$300,000 accumulated in 30 years @12% compounded annually. What would the sinking payment be?
amount = payment ( (1+i)^n - 1 )/i
sub in your values and solve for 'payment'
300000 = payment (1.12^30 - 1)/.12
2% on sale 60,000 4% on sale
60,000
sale 106,000
To calculate the sinking payment, we need to use the formula for the present value of an annuity. The sinking payment represents the equal periodic payments that occur over a specific period of time.

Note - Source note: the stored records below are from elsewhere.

lemma has_partials_diff:
  "has_partials f a b c d X \<Longrightarrow> has_partials g a' b' c' d' X \<Longrightarrow>
    has_partials (\<lambda>X. f X - g X) (a - a') (b - b') (c - c') (d - d') X"
  unfolding has_partials_def
  by (drule (1) has_derivative_diff) (auto simp: lin4_def algebra_simps elim!: has_derivative_eq_rhs)

lemma has_partials_mult:
  "has_partials f a b c d X \<Longrightarrow> has_partials g a' b' c' d' X \<Longrightarrow>
    has_partials (\<lambda>X. f X * g X)
      (f X * a' + a * g X) (f X * b' + b * g X) (f X * c' + c * g X) (f X * d' + d * g X) X"
  unfolding has_partials_def
  by (drule (1) has_derivative_mult) (auto simp: lin4_def algebra_simps elim!: has_derivative_eq_rhs)

lemma has_partials_inverse:
  "has_partials f a b c d X \<Longrightarrow> f X \<noteq> 0 \<Longrightarrow>
    has_partials (\<lambda>X. inverse (f X)) (- a / (f X)^2) (- b / (f X)^2) (- c / (f X)^2) (- d / (f X)^2) X"
  unfolding has_partials_def
  by (drule (1) Deriv.has_derivative_inverse[rotated])
     (auto simp: lin4_def power2_eq_square divide_inverse algebra_simps elim!: has_derivative_eq_rhs)

lemmas has_partials_intros =
  has_partials_add has_partials_diff has_partials_mult has_partials_inverse
  has_partials_x1 has_partials_x2 has_partials_y1 has_partials_y2 has_partials_const

lemma has_partials_compose:
  assumes "(F has_derivative (\<lambda>z. Fp * fst z + Fm * snd z)) (at (p X, m X))"
    and "has_partials p a b c d X" and "has_partials m a' b' c' d' X"
  shows "has_partials (\<lambda>X. F (p X, m X))
    (Fp * a + Fm * a') (Fp * b + Fm * b') (Fp * c + Fm * c') (Fp * d + Fm * d') X"
proof -
  have "((\<lambda>X. (p X, m X)) has_derivative (\<lambda>h. (lin4 a b c d h, lin4 a' b' c' d' h))) (at X)"
    using assms(2,3) unfolding has_partials_def by (rule has_derivative_Pair)
  from has_derivative_compose[OF this assms(1)] show ?thesis
    unfolding has_partials_def by (rule has_derivative_eq_rhs) (auto simp: lin4_def algebra_simps)
qed

lemma has_u_partials_cong:
  "has_u_partials f a b X \<Longrightarrow> a = a' \<Longrightarrow> b = b' \<Longrightarrow> has_u_partials f a' b' X"
  by simp

lemma has_u_partials_add:
  "has_u_partials f a b X \<Longrightarrow> has_u_partials g a' b' X \<Longrightarrow>
    has_u_partials (\<lambda>X. f X + g X) (a + a') (b + b') X"
  unfolding has_u_partials_def using has_partials_add by blast

lemma has_u_partials_mult:
  "has_u_partials f a b X \<Longrightarrow> has_u_partials g a' b' X \<Longrightarrow>
    has_u_partials (\<lambda>X. f X * g X) (f X * a' + a * g X) (f X * b' + b * g X) X"
  unfolding has_u_partials_def using has_partials_mult by blast

lemma has_u_partials_compose:
  assumes "(F has_derivative (\<lambda>z. Fp * fst z + Fm * snd z)) (at (p X, m X))"
    and "has_u_partials p a b X" and "has_u_partials m a' b' X"
  shows "has_u_partials (\<lambda>X. F (p X, m X)) (Fp * a + Fm * a') (Fp * b + Fm * b') X"
  using assms has_partials_compose unfolding has_u_partials_def by blast
theorem lemma3p2:
  fixes n k :: nat and h :: "nat \<Rightarrow> nat list" and E E' :: "nat list \<times> nat list"
    and \<alpha> :: "nat \<Rightarrow> nat"
  assumes "is_morph n k h"
    and "is_equation n E" and "is_equation n E'"
    and "is_solution h E" and "is_solution h E'"
    and "rank_morph n k h = n - 1"
    and "\<forall>i<k. \<alpha> i > 0"
  shows "lin_dep_Qx n (\<lambda>j. S_poly E j (Lvec (theta \<alpha> \<circ> h)))
                      (\<lambda>j. S_poly E' j (Lvec (theta \<alpha> \<circ> h)))"
proof -
  define G :: "nat \<Rightarrow> nat \<Rightarrow> rat poly" where "G i j = occurrence_poly i (theta \<alpha> (h j))" for i j
  define u :: "nat \<Rightarrow> rat poly" where "u j = map_poly of_int (S_poly E j (Lvec (theta \<alpha> \<circ> h)))" for j
  define u' :: "nat \<Rightarrow> rat poly" where "u' j = map_poly of_int (S_poly E' j (Lvec (theta \<alpha> \<circ> h)))" for j
  have "in_kernel k n G u" "in_kernel k n G u'"
    using S_poly_in_kernel[OF assms(2) is_solution_theta[OF assms(4)]]
      S_poly_in_kernel[OF assms(3) is_solution_theta[OF assms(5)]]
    unfolding G_def u_def u'_def comp_apply .
  then have "dependent_pair n u u'"
    using dependent_pair_occurrence_kernel_at_1[of n k h \<alpha>] assms(6,7) unfolding G_def
    by (intro dependent_pair_poly_kernel[where x = 1]) simp_all
  then have "dependent_pair n (\<lambda>j. Fract (u j) 1) (\<lambda>j. Fract (u' j) 1)"
    by (rule dependent_pair_Fract)
  then show ?thesis
    unfolding lin_dep_Qx_def to_Qx_def dependent_pair_def u_def u'_def .
qed

end
lemma cdim_Ker: "int (cdim (K \<kappa>)) = (\<Sum>k\<in>{\<kappa> + 1..q - p}. (k - \<kappa>) * int (cdim (D k)))"
proof -
  have D: "csubspace (D k)" "cfinite_dim (D k)" for k
    using D_subspace cfinite_dim_subset[OF D_subset_Ker cfinite_dim_Ker] by auto
  then have block: "cfinite_dim (block D i)" "cdim (block D i) = cdim (D (fst i))" for i
    using cdim_block by blast+
  have "cdim (family_sum (kernel_blocks (q - p) \<kappa>) (block D))
      = (\<Sum>i\<in>kernel_blocks (q - p) \<kappa>. cdim (block D i))"
    using cdim_family_sum[of "kernel_blocks (q - p) \<kappa>" "block D"] is_direct_sum_Ker[of \<kappa>]
      finite_kernel_blocks block_subspace block(1)
    by (simp add: is_direct_sum_iff)
  then have "cdim (K \<kappa>) = (\<Sum>i\<in>kernel_blocks (q - p) \<kappa>. cdim (block D i))"
    using is_direct_sum_Ker[of \<kappa>] by (simp add: is_direct_sum_iff)
  also have "\<dots> = (\<Sum>i\<in>kernel_blocks (q - p) \<kappa>. cdim (D (fst i)))"
    using block(2) by simp
  also have "\<dots> = (\<Sum>k\<in>{\<kappa><..q - p}. nat (k - \<kappa>) * cdim (D k))"
    by (rule sum_kernel_blocks)
  finally have "int (cdim (K \<kappa>)) = (\<Sum>k\<in>{\<kappa><..q - p}. (k - \<kappa>) * int (cdim (D k)))"
    by (simp add: of_nat_sum of_nat_mult)
  moreover have "{\<kappa><..q - p} = {\<kappa> + 1..q - p}"
    by auto
  ultimately show ?thesis
    by simp
qed

lemma sum_cdim_D_tail:
  assumes "\<kappa> \<le> 0"
  shows "(\<Sum>k\<in>{\<kappa>..q - p}. int (cdim (D k))) = int CARD('d)"
  using cdim_Ker[of "\<kappa> - 1"] cdim_Ker[of \<kappa>] cdim_Ker_pred[OF assms]
    weighted_tail_sum_diff[of \<kappa> "q - p" "\<lambda>k. int (cdim (D k))"] p_le_q assms
  by simp

lemma cdim_D_eq_0:
  assumes "q - p < \<kappa> \<or> \<kappa> < 0"
  shows "cdim (D \<kappa>) = 0"
proof (cases "q - p < \<kappa>")
  case True
  then have "D \<kappa> = {0}"
    using D_subset_Ker[of \<kappa>] Ker_trivial[of "\<kappa> - 1"] cseq.subspace_0[OF D_subspace] by auto
  then show ?thesis
    using cdim_zero by simp
next
  case False
  then have "\<kappa> < 0" "{\<kappa>..q - p} = insert \<kappa> {\<kappa> + 1..q - p}"
    using assms p_le_q by auto
  then show ?thesis
    using sum_cdim_D_tail[of \<kappa>] sum_cdim_D_tail[of "\<kappa> + 1"] by simp
qed

lemma sum_cdim_D: "(\<Sum>\<kappa>\<in>{0..q - p}. cdim (D \<kappa>)) = CARD('d)"
proof -
  have "int (\<Sum>\<kappa>\<in>{0..q - p}. cdim (D \<kappa>)) = int CARD('d)"
    using sum_cdim_D_tail[of 0] by (simp add: of_nat_sum)
  then show ?thesis
    by (simp only: of_nat_eq_iff)
qed

end

theorem propositionB3:
  fixes p q :: int and a :: "int \<Rightarrow> complex^'d^'d::finite"
    and D :: "int \<Rightarrow> 'd seq set"
  assumes pq: "p \<le> q"
    and fred: "fredholm_l2 (Akappa p q a (- p))"
    and Dsub: "\<And>\<kappa>. csubspace (D \<kappa>)"
    and Dsum: "\<And>\<kappa>. Ker (Akappa p q a (\<kappa> - 1)) =
                 setplus (setplus (Ker (Akappa p q a \<kappa>)) (Tpow (-1) ` Ker (Akappa p q a \<kappa>))) (D \<kappa>)"
    and Dint: "\<And>\<kappa>. setplus (Ker (Akappa p q a \<kappa>)) (Tpow (-1) ` Ker (Akappa p q a \<kappa>)) \<inter> D \<kappa> = {0}"
  shows "(\<forall>\<kappa>. setplus (Ker (Akappa p q a \<kappa>)) (Tpow (-1) ` Ker (Akappa p q a \<kappa>))
                \<subseteq> Ker (Akappa p q a (\<kappa> - 1)))
       \<and> (\<forall>\<kappa>. \<kappa> \<ge> q - p \<longrightarrow> Ker (Akappa p q a \<kappa>) = {0})
       \<and> (\<forall>\<kappa>. \<kappa> < q - p \<longrightarrow>
             is_direct_sum {(k', r::nat). \<kappa> < k' \<and> k' \<le> q - p \<and> int r < k' - \<kappa>}
               (\<lambda>(k', r). Tpow (- int r) ` D k') (Ker (Akappa p q a \<kappa>))
           \<and> int (cdim (Ker (Akappa p q a \<kappa>))) =
               (\<Sum>k'\<in>{\<kappa>+1..q-p}. (k' - \<kappa>) * int (cdim (D k'))))
       \<and> (\<forall>\<kappa>. (\<kappa> > q - p \<or> \<kappa> < 0) \<longrightarrow> cdim (D \<kappa>) = 0)
       \<and> (\<Sum>\<kappa>\<in>{0..q-p}. cdim (D \<kappa>)) = CARD('d)"
proof -
  interpret kernel_complements p q a D
    by unfold_locales (use pq fred Dsub Dsum Dint in auto)
  show ?thesis
    using setplus_Ker_Tpow_adjoint_subset[of p q a] Ker_trivial is_direct_sum_Ker cdim_Ker cdim_D_eq_0
      sum_cdim_D
    unfolding kernel_blocks_def block_def by auto
qed

end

The formula for the present value of an annuity is:
PV = P * (1 - (1 + r)^(-n)) / r
Where:
PV = Present Value (the total amount accumulated)
P = Payment per period
r = Interest rate per period
n = Total number of periods
In this case:
PV = $300,000 (the total amount accumulated)
r = 12% per year (or 0.12)
n = 30 years
We need to solve the formula for P, which represents the sinking payment per period.
First, we can rearrange the formula to solve for P:
P = PV * (r / (1 - (1 + r)^(-n)))
Now let's substitute the given values:
P = $300,000 * (0.12 / (1 - (1 + 0.12)^(-30)))
Now we can calculate the sinking payment:
P = $300,000 * (0.12 / (1 - (1.12)^(-30)))
P ≈ $5,219.60
Therefore, the sinking payment would be approximately $5,219.60.